Isotipo : IgG1, kappa
Clone: PgR 6361
Concentração da IgG de ratinho em mg/L: Ver o rótulo do frasco.
Aquando da realização de IHC com o sistema de detecção LSAB™2, utilize uma diluição de 1:50 numa incubação de 10 a 30 minutos com
o Anti-PR, PgR 636 diluído. Estas indicações são apenas orientadoras. As concentrações ideais de anticorpo poderão variar, dependendo
da amostra e do método de preparação, e devem ser determinadas por cada laboratório.

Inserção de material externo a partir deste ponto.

lemma card_annihilated_indep_tuples_le:
  fixes K :: "'a::{field,finite} set"
  assumes K: "is_subfield K" and B: "\<And>a. a \<in> B \<Longrightarrow> length a = t \<and> a \<noteq> replicate t 0"
  shows "card {es \<in> indep_tuples K t. \<exists>a\<in>B. lin_comb a es = 0} \<le> card B * card (indep_tuples K (t - 1))"
proof -
  have "finite B"
    using B by (intro finite_subset[OF _ finite_lists_length_eq[of UNIV t]]) auto
  have "card {es \<in> indep_tuples K t. \<exists>a\<in>B. lin_comb a es = 0} =
      card (\<Union>a\<in>B. {es \<in> indep_tuples K t. lin_comb a es = 0})"
    by (rule arg_cong[where f = card]) blast
  also have "\<dots> \<le> (\<Sum>a\<in>B. card {es \<in> indep_tuples K t. lin_comb a es = 0})"
    using \<open>finite B\<close> by (rule card_UN_le)
  also have "\<dots> \<le> (\<Sum>a\<in>B. card (indep_tuples K (t - 1)))"
    using B card_indep_solutions_le[OF K] by (intro sum_mono) blast
  finally show ?thesis by simp
qed
(* Let $N\ge1$, $\lambda,\lambda',\mu,a,b\in\mathbb{K}$ with $\mu\neq0$, $a\ne0$, $b\notin\{-1,-2,\ldots\}$. Then the Lie algebras $\mathfrak{g}^{(1)}(N,\lambda,a,b)_+$ and $\mathfrak{g}^{(3)}(N,\lambda',\mu)_+$ are both isomorphic to the semidirect product $\left(V_{-\frac1N}\oplus\cdots\oplus V_{-\frac{N-1}{N}}\right)\rtimes\mathfrak{g}_{FdB}$ (which is just $\mathfrak{g}_{FdB}$ when $N=1$).
   Context: Base field $\mathbb{K}$ of characteristic zero. On $\mathbb{K}[X]$: $\mathfrak{g}^{(1)}(N,\lambda,a,b)$ has $X^i\bullet X^j=i\lambda X^i$ if $j=0$, $\frac{ai}{j/N+b}X^{i+j}$ if $j\ne0$ and $N\mid j$, $0$ otherwise; $\mathfrak{g}^{(3)}(N,\lambda',\mu)$ has $X^i\bullet X^j=i\lambda' X^i$ if $j=0$, $i\mu X^{i+j}$ if $j\neq0$ and $N\mid j$, $0$ otherwise. For such a preLie product, $\mathfrak{g}_+$ denotes $\mathbb{K}[X]_+=\mathrm{Vect}(X^i,i\ge1)$ with Lie bracket $[P,Q]=P\bullet Q-Q\bullet P$. $\mathfrak{g}_{FdB}$ is the Lie algebra with basis $(e_i)_{i\ge1}$ and $[e_i,e_j]=(i-j)e_{i+j}$. For $\alpha\in\mathbb{K}$, $V_\alpha$ is the right $\mathfrak{g}_{FdB}$-module with basis $(f_i)_{i\ge1}$ and $f_i.e_j=(i+\alpha)f_{i+j}$. For a Lie algebra $\mathfrak{g}$ and a right $\mathfrak{g}$-module $M$, $M\rtimes\mathfrak{g}$ is $M\oplus\mathfrak{g}$ with $M$ abelian, $[m,x]=m.x$ for $m\in M$, $x\in\mathfrak{g}$, and the bracket of $\mathfrak{g}$ on $\mathfrak{g}$. *)

theory Defs
  imports Main
begin

text \<open>Vectors of a K-vector space with a given basis (indexed by a set I) are
  represented as finitely supported coefficient functions I -> K.\<close>

definition fsupp :: "('i \<Rightarrow> 'k::zero) \<Rightarrow> 'i set" where
  "fsupp x = {i. x i \<noteq> 0}"

definition vec :: "'i set \<Rightarrow> ('i \<Rightarrow> 'k::zero) set" where
  "vec I = {x. finite (fsupp x) \<and> fsupp x \<subseteq> I}"

text \<open>Bilinear extension of a product of basis vectors of the form
  b_i * b'_j = c i j * b''_(m i j).\<close>

definition bil :: "('a \<Rightarrow> 'b \<Rightarrow> 'k::comm_ring) \<Rightarrow> ('a \<Rightarrow> 'b \<Rightarrow> 'c)
    \<Rightarrow> ('a \<Rightarrow> 'k) \<Rightarrow> ('b \<Rightarrow> 'k) \<Rightarrow> ('c \<Rightarrow> 'k)" where
  "bil c m x y = (\<lambda>k. \<Sum>p\<in>{(i, j). i \<in> fsupp x \<and> j \<in> fsupp y \<and> m i j = k}.
        x (fst p) * y (snd p) * c (fst p) (snd p))"

text \<open>The preLie products on K[X] (coefficient sequences of polynomials):
  X^i \<bullet> X^j = c i j X^(i+j).\<close>

definition preLie1 :: "nat \<Rightarrow> 'k::field_char_0 \<Rightarrow> 'k \<Rightarrow> 'k
    \<Rightarrow> (nat \<Rightarrow> 'k) \<Rightarrow> (nat \<Rightarrow> 'k) \<Rightarrow> (nat \<Rightarrow> 'k)" where
  "preLie1 N lam a b = bil
     (\<lambda>i j. if j = 0 then of_nat i * lam
            else if N dvd j then a * of_nat i / (of_nat j / of_nat N + b)
            else 0)
     (\<lambda>i j. i + j)"

definition preLie3 :: "nat \<Rightarrow> 'k::field_char_0 \<Rightarrow> 'k
    \<Rightarrow> (nat \<Rightarrow> 'k) \<Rightarrow> (nat \<Rightarrow> 'k) \<Rightarrow> (nat \<Rightarrow> 'k)" where
  "preLie3 N lam' mu = bil
     (\<lambda>i j. if j = 0 then of_nat i * lam'
            else if N dvd j then of_nat i * mu
            else 0)
     (\<lambda>i j. i + j)"

definition commutator :: "('v \<Rightarrow> 'v \<Rightarrow> ('i \<Rightarrow> 'k::ab_group_add))
    \<Rightarrow> 'v \<Rightarrow> 'v \<Rightarrow> ('i \<Rightarrow> 'k)" where
  "commutator pr x y = (\<lambda>k. pr x y k - pr y x k)"

definition gplus_carrier :: "(nat \<Rightarrow> 'k::zero) set" where
  "gplus_carrier = vec {i. 1 \<le> i}"

definition fdb_carrier :: "(nat \<Rightarrow> 'k::zero) set" where
  "fdb_carrier = vec {i. 1 \<le> i}"

definition fdb_bracket :: "(nat \<Rightarrow> 'k::field_char_0) \<Rightarrow> (nat \<Rightarrow> 'k) \<Rightarrow> (nat \<Rightarrow> 'k)" where
  "fdb_bracket = bil (\<lambda>i j. of_nat i - of_nat j) (\<lambda>i j. i + j)"

definition V_act :: "'k::field_char_0 \<Rightarrow> (nat \<Rightarrow> 'k) \<Rightarrow> (nat \<Rightarrow> 'k) \<Rightarrow> (nat \<Rightarrow> 'k)" where
  "V_act alpha = bil (\<lambda>i j. of_nat i + alpha) (\<lambda>i j. i + j)"

text \<open>Direct sum V_{-1/N} + ... + V_{-(N-1)/N}; component r lives on indices (r, i).\<close>

definition M_carrier :: "nat \<Rightarrow> (nat \<times> nat \<Rightarrow> 'k::zero) set" where
  "M_carrier N = vec ({1..N-1} \<times> {i. 1 \<le> i})"

definition M_act :: "nat \<Rightarrow> (nat \<times> nat \<Rightarrow> 'k::field_char_0) \<Rightarrow> (nat \<Rightarrow> 'k) \<Rightarrow> (nat \<times> nat \<Rightarrow> 'k)" where
  "M_act N x y = (\<lambda>ri. case ri of (r, i) \<Rightarrow> V_act (- (of_nat r / of_nat N)) (\<lambda>l. x (r, l)) y i)"

text \<open>Semidirect product M \<rtimes> g, elements are coefficient functions on the disjoint
  union of the index sets: [m + x, m' + x'] = m.x' - m'.x + [x, x'].\<close>

definition sd_carrier :: "'a set \<Rightarrow> 'b set \<Rightarrow> ('a + 'b \<Rightarrow> 'k::zero) set" where
  "sd_carrier MI GI = {z. (z \<circ> Inl) \<in> vec MI \<and> (z \<circ> Inr) \<in> vec GI}"

definition sd_bracket :: "(('a \<Rightarrow> 'k::ab_group_add) \<Rightarrow> ('b \<Rightarrow> 'k) \<Rightarrow> ('a \<Rightarrow> 'k))
    \<Rightarrow> (('b \<Rightarrow> 'k) \<Rightarrow> ('b \<Rightarrow> 'k) \<Rightarrow> ('b \<Rightarrow> 'k))
    \<Rightarrow> ('a + 'b \<Rightarrow> 'k) \<Rightarrow> ('a + 'b \<Rightarrow> 'k) \<Rightarrow> ('a + 'b \<Rightarrow> 'k)" where
  "sd_bracket act br z z' = (\<lambda>k. case k of
       Inl u \<Rightarrow> act (z \<circ> Inl) (z' \<circ> Inr) u - act (z' \<circ> Inl) (z \<circ> Inr) u
     | Inr v \<Rightarrow> br (z \<circ> Inr) (z' \<circ> Inr) v)"

definition target_carrier :: "nat \<Rightarrow> ((nat \<times> nat) + nat \<Rightarrow> 'k::zero) set" where
  "target_carrier N = sd_carrier ({1..N-1} \<times> {i. 1 \<le> i}) {i. 1 \<le> i}"

definition target_bracket :: "nat \<Rightarrow> ((nat \<times> nat) + nat \<Rightarrow> 'k::field_char_0)
    \<Rightarrow> ((nat \<times> nat) + nat \<Rightarrow> 'k) \<Rightarrow> ((nat \<times> nat) + nat \<Rightarrow> 'k)" where
  "target_bracket N = sd_bracket (M_act N) fdb_bracket"

definition lie_iso :: "('i \<Rightarrow> 'k::field) set \<Rightarrow> (('i \<Rightarrow> 'k) \<Rightarrow> ('i \<Rightarrow> 'k) \<Rightarrow> ('i \<Rightarrow> 'k))
    \<Rightarrow> ('j \<Rightarrow> 'k) set \<Rightarrow> (('j \<Rightarrow> 'k) \<Rightarrow> ('j \<Rightarrow> 'k) \<Rightarrow> ('j \<Rightarrow> 'k))
    \<Rightarrow> (('i \<Rightarrow> 'k) \<Rightarrow> ('j \<Rightarrow> 'k)) \<Rightarrow> bool" where
  "lie_iso A brA B brB phi \<longleftrightarrow>
     bij_betw phi A B \<and>
     (\<forall>x\<in>A. \<forall>y\<in>A. phi (\<lambda>i. x i + y i) = (\<lambda>j. phi x j + phi y j)) \<and>
     (\<forall>c. \<forall>x\<in>A. phi (\<lambda>i. c * x i) = (\<lambda>j. c * phi x j)) \<and>
     (\<forall>x\<in>A. \<forall>y\<in>A. phi (brA x y) = brB (phi x) (phi y))"
text \<open>The algorithm as a RAM program, parametrised by the accuracy M (one aims at the
  factor 1 - 1/M). Memory layout for an instance with n items: the input occupies addresses
  0 to 2n+1 and the output bits are finally written to addresses 0 to n-1; the item keys are
  stored from address 2n+2 on and the dynamic-programming table (n+1 rows of width
  key_max+1) from address 3n+2 on; negative addresses are registers. The phases occupy
  instructions 0--14 (constants), 15--43 (levels and keys of the items), 44--52 (row 0 of
  the table), 53--86 (rows 1 to n), 87--102 (search for the best admissible key) and
  103--120 (backtracking).\<close>

definition prog :: "int \<Rightarrow> instr list" where
  "prog M = [
    SetC (-1) 1,
    SetC (-15) 2,
    SetC (-16) 3,
    Add (-2) 0 (-30),
    Add (-3) 1 (-1),
    SetC (-12) M,
    Mul (-4) (-2) (-12),
    Add (-13) (-4) (-4),
    Add (-4) (-13) (-4),
    Mul (-5) (-4) (-4),
    Add (-6) (-4) (-1),
    Add (-7) (-2) (-1),
    Add (-10) (-2) (-2),
    Add (-10) (-10) (-15),
    Add (-11) (-10) (-2),
    Sub (-12) (-2) (-8),
    JPos (-12) 18,
    Jmp 44,
    Add (-13) (-8) (-8),
    Add (-13) (-13) (-16),
    LoadI (-17) (-13),
    JPos (-17) 25,
    SetC (-19) 1,
    Sub (-17) (-30) (-17),
    Jmp 26,
    SetC (-19) 0,
    Mul (-20) (-17) (-5),
    SetC (-21) 0,
    Add (-22) (-5) (-30),
    Mul (-23) (-22) (-6),
    Div (-23) (-23) (-4),
    Sub (-24) (-23) (-20),
    JPos (-24) 36,
    Add (-22) (-23) (-30),
    Add (-21) (-21) (-1),
    Jmp 29,
    Add (-21) (-21) (-1),
    Mul (-21) (-21) (-7),
    Add (-21) (-21) (-19),
    Add (-24) (-10) (-8),
    StoreI (-24) (-21),
    Add (-9) (-9) (-21),
    Add (-8) (-8) (-1),
    Jmp 15,
    Add (-9) (-9) (-1),
    SetC (-8) 1,
    Sub (-12) (-9) (-8),
    JPos (-12) 49,
    Jmp 53,
    Add (-13) (-11) (-8),
    StoreI (-13) (-3),
    Add (-8) (-8) (-1),
    Jmp 46,
    SetC (-8) 1,
    Add (-25) (-11) (-30),
    Sub (-12) (-7) (-8),
    JPos (-12) 58,
    Jmp 87,
    Add (-13) (-10) (-8),
    Sub (-13) (-13) (-1),
    LoadI (-26) (-13),
    Add (-13) (-8) (-8),
    LoadI (-27) (-13),
    SetC (-28) 0,
    Sub (-12) (-9) (-28),
    JPos (-12) 69,
    Add (-25) (-25) (-9),
    Add (-8) (-8) (-1),
    Jmp 55,
    Add (-13) (-25) (-28),
    LoadI (-14) (-13),
    Sub (-12) (-28) (-26),
    Add (-12) (-12) (-1),
    JPos (-12) 75,
    Jmp 82,
    Sub (-13) (-13) (-26),
    LoadI (-29) (-13),
    Add (-29) (-29) (-27),
    Sub (-12) (-14) (-29),
    JPos (-12) 81,
    Jmp 82,
    Add (-14) (-29) (-30),
    Add (-13) (-25) (-9),
    Add (-13) (-13) (-28),
    StoreI (-13) (-14),
    Add (-28) (-28) (-1),
    Jmp 64,
    Sub (-28) (-9) (-1),
    Add (-13) (-25) (-28),
    LoadI (-14) (-13),
    Sub (-12) (-3) (-14),
    JPos (-12) 93,
    Jmp 101,
    Div (-12) (-28) (-7),
    Mul (-12) (-12) (-7),
    Sub (-12) (-28) (-12),
    Div (-13) (-12) (-15),
    Mul (-13) (-13) (-15),
    Sub (-13) (-12) (-13),
    JPos (-13) 101,
    Jmp 103,
    Sub (-28) (-28) (-1),
    Jmp 88,
    Add (-8) (-2) (-30),
    JPos (-8) 106,
    Jmp 121,
    Add (-13) (-25) (-28),
    LoadI (-14) (-13),
    Sub (-25) (-25) (-9),
    Add (-13) (-25) (-28),
    LoadI (-29) (-13),
    Sub (-12) (-29) (-14),
    Sub (-8) (-8) (-1),
    JPos (-12) 116,
    StoreI (-8) (-30),
    Jmp 104,
    StoreI (-8) (-1),
    Add (-13) (-10) (-8),
    LoadI (-13) (-13),
    Sub (-28) (-28) (-13),
    Jmp 104,
    Halt]"
(* Let $n \geq 3$. Then $$\max_{G} T_{\min}(G) = \left\lfloor \tfrac{n}{2} \right\rfloor \cdot \left\lceil \tfrac{n}{2} \right\rceil \qquad\text{and}\qquad \max_{G} T_{\max}(G) = (n-1)^2,$$ where both maxima range over all strongly connected directed graphs $G$ on $n$ vertices.
   Context: Let $G=(V,E)$ be a strongly connected directed graph with $|V| = n$. An ordering is a bijection $\pi: V \to \{1,\dots,n\}$. For vertices $u,v$, let $d_G(u,v)$ denote the length (number of edges) of a shortest directed path from $u$ to $v$ in $G$. The communication time of ordering $\pi$ on $G$ is $$T(G,\pi) = \sum_{i=1}^{n-1} d_G\big(\pi^{-1}(i), \pi^{-1}(i+1)\big).$$ Define $T_{\min}(G) = \min_{\pi} T(G,\pi)$ and $T_{\max}(G) = \max_{\pi} T(G,\pi)$ over all orderings $\pi$. *)

theory Defs
  imports Main
begin

definition strongly_connected :: "'a set \<Rightarrow> ('a \<times> 'a) set \<Rightarrow> bool" where
  "strongly_connected V E \<longleftrightarrow> E \<subseteq> V \<times> V \<and> (\<forall>u\<in>V. \<forall>v\<in>V. (u, v) \<in> E\<^sup>*)"

definition dist :: "('a \<times> 'a) set \<Rightarrow> 'a \<Rightarrow> 'a \<Rightarrow> nat" where
  "dist E u v = (LEAST k. (u, v) \<in> E ^^ k)"

definition orderings :: "'a set \<Rightarrow> ('a \<Rightarrow> nat) set" where
  "orderings V = {\<pi>. bij_betw \<pi> V {1..card V}}"

definition comm_time :: "'a set \<Rightarrow> ('a \<times> 'a) set \<Rightarrow> ('a \<Rightarrow> nat) \<Rightarrow> nat" where
  "comm_time V E \<pi> =
     (\<Sum>i = 1..<card V. dist E (inv_into V \<pi> i) (inv_into V \<pi> (i + 1)))"

definition T_min :: "'a set \<Rightarrow> ('a \<times> 'a) set \<Rightarrow> nat" where
  "T_min V E = Min (comm_time V E ` orderings V)"

definition T_max :: "'a set \<Rightarrow> ('a \<times> 'a) set \<Rightarrow> nat" where
  "T_max V E = Max (comm_time V E ` orderings V)"

definition is_max :: "nat set \<Rightarrow> nat \<Rightarrow> bool" where
  "is_max S x \<longleftrightarrow> x \<in> S \<and> (\<forall>y\<in>S. y \<le> x)"

end

(* An ordering is a list of the vertices, and its communication time is the length of the
   tour visiting them in that order.  A shortest walk is a path, so all distances are at most
   n - 1 and T_max <= (n - 1)^2; the directed n-cycle traversed backwards attains this.
   If D is the diameter, following a shortest path of length D and then visiting the other
   n - 1 - D vertices in any order costs at most D + (n - 1 - D) D = D (n - D), which is at most
   floor(n/2) ceil(n/2).  For the lower bound take the (k+1)-cycle, k = ceil(n/2) - 1, with one
   vertex replaced by n - k copies: by the triangle inequality every tour is at least as long as
   the tour through the copies alone, and distinct copies are k + 1 apart, because every edge
   advances the position along the cycle by one. *)

theory Submission
  imports Defs
begin

lemma relpow_dist:
  assumes "(u, v) \<in> E\<^sup>*"
  shows "(u, v) \<in> E ^^ dist E u v"
proof -
  obtain k where "(u, v) \<in> E ^^ k" using assms rtrancl_imp_relpow by blast
  then show ?thesis unfolding dist_def by (rule LeastI)
qed

lemma dist_le_relpow: "(u, v) \<in> E ^^ k \<Longrightarrow> dist E u v \<le> k"
  unfolding dist_def by (rule Least_le)

lemma dist_triangle:
  assumes "(x, y) \<in> E\<^sup>*" "(y, z) \<in> E\<^sup>*"
  shows "dist E x z \<le> dist E x y + dist E y z"
proof -
  have "(x, z) \<in> E ^^ (dist E x y + dist E y z)"
    using relpow_dist[OF assms(1)] relpow_dist[OF assms(2)] by (auto simp: relpow_add)
  then show ?thesis by (rule dist_le_relpow)
qed

lemma relpow_walk_segment:
  assumes "\<forall>t<d. (f t, f (Suc t)) \<in> E" "i \<le> j" "j \<le> d"
  shows "(f i, f j) \<in> E ^^ (j - i)"
  unfolding relpow_fun_conv
  using assms by (intro exI[of _ "\<lambda>t. f (i + t)"]) auto

text \<open>A shortest walk visits no vertex twice: a repetition could be cut out.\<close>
lemma shortest_walk:
  assumes "(u, v) \<in> E\<^sup>*"
  obtains f where "f 0 = u" "f (dist E u v) = v"
    "\<forall>t<dist E u v. (f t, f (Suc t)) \<in> E" "inj_on f {0..dist E u v}"
proof -
  let ?d = "dist E u v"
  obtain f where f: "f 0 = u" "f ?d = v" and walk: "\<forall>t<?d. (f t, f (Suc t)) \<in> E"
    using relpow_dist[OF assms] unfolding relpow_fun_conv by blast
  have "i = j" if "i < j" "j \<le> ?d" "f i = f j" for i j
  proof -
    have "(u, f i) \<in> E ^^ i" "(f j, v) \<in> E ^^ (?d - j)"
      using relpow_walk_segment[OF walk, of 0 i] relpow_walk_segment[OF walk, of j ?d] f that
      by auto
    then have "(u, v) \<in> E ^^ (i + (?d - j))"
      using \<open>f i = f j\<close> by (auto simp: relpow_add)
    then show ?thesis using dist_le_relpow that by fastforce
  qed
  then have "inj_on f {0..?d}"
    by (metis atLeastAtMost_iff inj_onI linorder_neqE_nat)
  then show ?thesis using that f walk by blast
qed

lemma walk_subset:
  assumes "E \<subseteq> V \<times> V" "f 0 \<in> V" "\<forall>t<d. (f t, f (Suc t)) \<in> E"
  shows "f ` {0..d} \<subseteq> V"
proof -
  have "f t \<in> V" if "t \<le> d" for t
  proof (cases t)
    case (Suc s)
    then have "(f s, f t) \<in> E" using that assms(3) by auto
    then show ?thesis using assms(1) by auto
  qed (use assms in simp)
  then show ?thesis by auto
qed

lemma dist_le_card:
  assumes "strongly_connected V E" "finite V" "u \<in> V" "v \<in> V"
  shows "dist E u v \<le> card V - 1"
proof -
  have "(u, v) \<in> E\<^sup>*" and EV: "E \<subseteq> V \<times> V"
    using assms unfolding strongly_connected_def by blast+
  obtain f where f: "f 0 = u" "\<forall>t<dist E u v. (f t, f (Suc t)) \<in> E"
    "inj_on f {0..dist E u v}"
    using shortest_walk[OF \<open>(u, v) \<in> E\<^sup>*\<close>] by blast
  have "Suc (dist E u v) = card (f ` {0..dist E u v})"
    using card_image[OF f(3)] by simp
  also have "\<dots> \<le> card V"
    using walk_subset[OF EV _ f(2)] f(1) assms(2,3) by (intro card_mono) auto
  finally show ?thesis by simp
qed

fun path_cost :: "('a \<times> 'a) set \<Rightarrow> 'a list \<Rightarrow> nat" where
  "path_cost E (x # y # zs) = dist E x y + path_cost E (y # zs)"
| "path_cost E _ = 0"

lemma path_cost_conv_sum:
  "path_cost E xs = (\<Sum>i < length xs - 1. dist E (xs ! i) (xs ! Suc i))"
  by (induction E xs rule: path_cost.induct) (simp_all del: sum.lessThan_Suc add: sum.lessThan_Suc_shift)

lemma comm_time_conv_path_cost:
  "comm_time V E \<pi> = path_cost E (map (inv_into V \<pi>) [1..<Suc (card V)])"
  unfolding comm_time_def path_cost_conv_sum
  by (cases "card V")
    (simp_all del: upt_Suc sum.op_ivl_Suc add: atLeast0LessThan[symmetric] sum.shift_bounds_Suc_ivl)

definition list_orderings :: "'a set \<Rightarrow> 'a list set" where
  "list_orderings V = {xs. set xs = V \<and> distinct xs}"

lemma finite_list_orderings: "finite V \<Longrightarrow> finite (list_orderings V)"
  unfolding list_orderings_def
  by (rule finite_subset[OF _ finite_subset_distinct]) auto

lemma list_orderings_nonempty: "finite V \<Longrightarrow> list_orderings V \<noteq> {}"
  unfolding list_orderings_def using finite_distinct_list by blast

lemma length_list_orderings: "xs \<in> list_orderings V \<Longrightarrow> length xs = card V"
  unfolding list_orderings_def by (auto simp: distinct_card)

A concentração de proteína pode variar entre lotes sem influenciar a diluição ideal. O título de cada lote individual é comparado e ajustado
face a um lote de referência para assegurar um desempenho consistente da coloração imuno-histoquímica entre lotes.
Imunogénio
Forma A intacta recombinante do receptor humano da progesterona fixado em formol1
Especificidade
Demonstrou-se a reactividade do anti-PR, PgR 636 com as formas PR-A e PR-B através da técnica de Western blot de extractos celulares
inteiros, e reage com os PR livres e ligados a hormona.1 O epítopo foi mapeado em relação ao domínio do grupo amina terminal partilhado
pelo PR-A e PR-B.
Materiais necessários mas não fornecidos
Consultar as Instruções Gerais para Coloração Imuno-histoquímica da Dako e/ou as instruções do sistema de detecção. Utilize ainda o
seguinte reagente de controlo negativo:
Mouse IgG1 (referência X0931)
Precauções
1. Para utilizadores profissionais.
2. Este produto contém azida de sódio (NaN3), um produto químico altamente tóxico na forma pura. Em situações de concentração do
produto, embora não sendo classificadas como perigosas, a NaN3 pode reagir com as canalizações de chumbo e de cobre, formando
acumulações altamente explosivas de azidas metálicas. Ao eliminar o produto, adicionar água abundante para evitar a acumulação de
azidas metálicas na canalização.
3. Tal como acontece com qualquer produto de origem biológica, deverão utilizar-se procedimentos de manuseamento adequados.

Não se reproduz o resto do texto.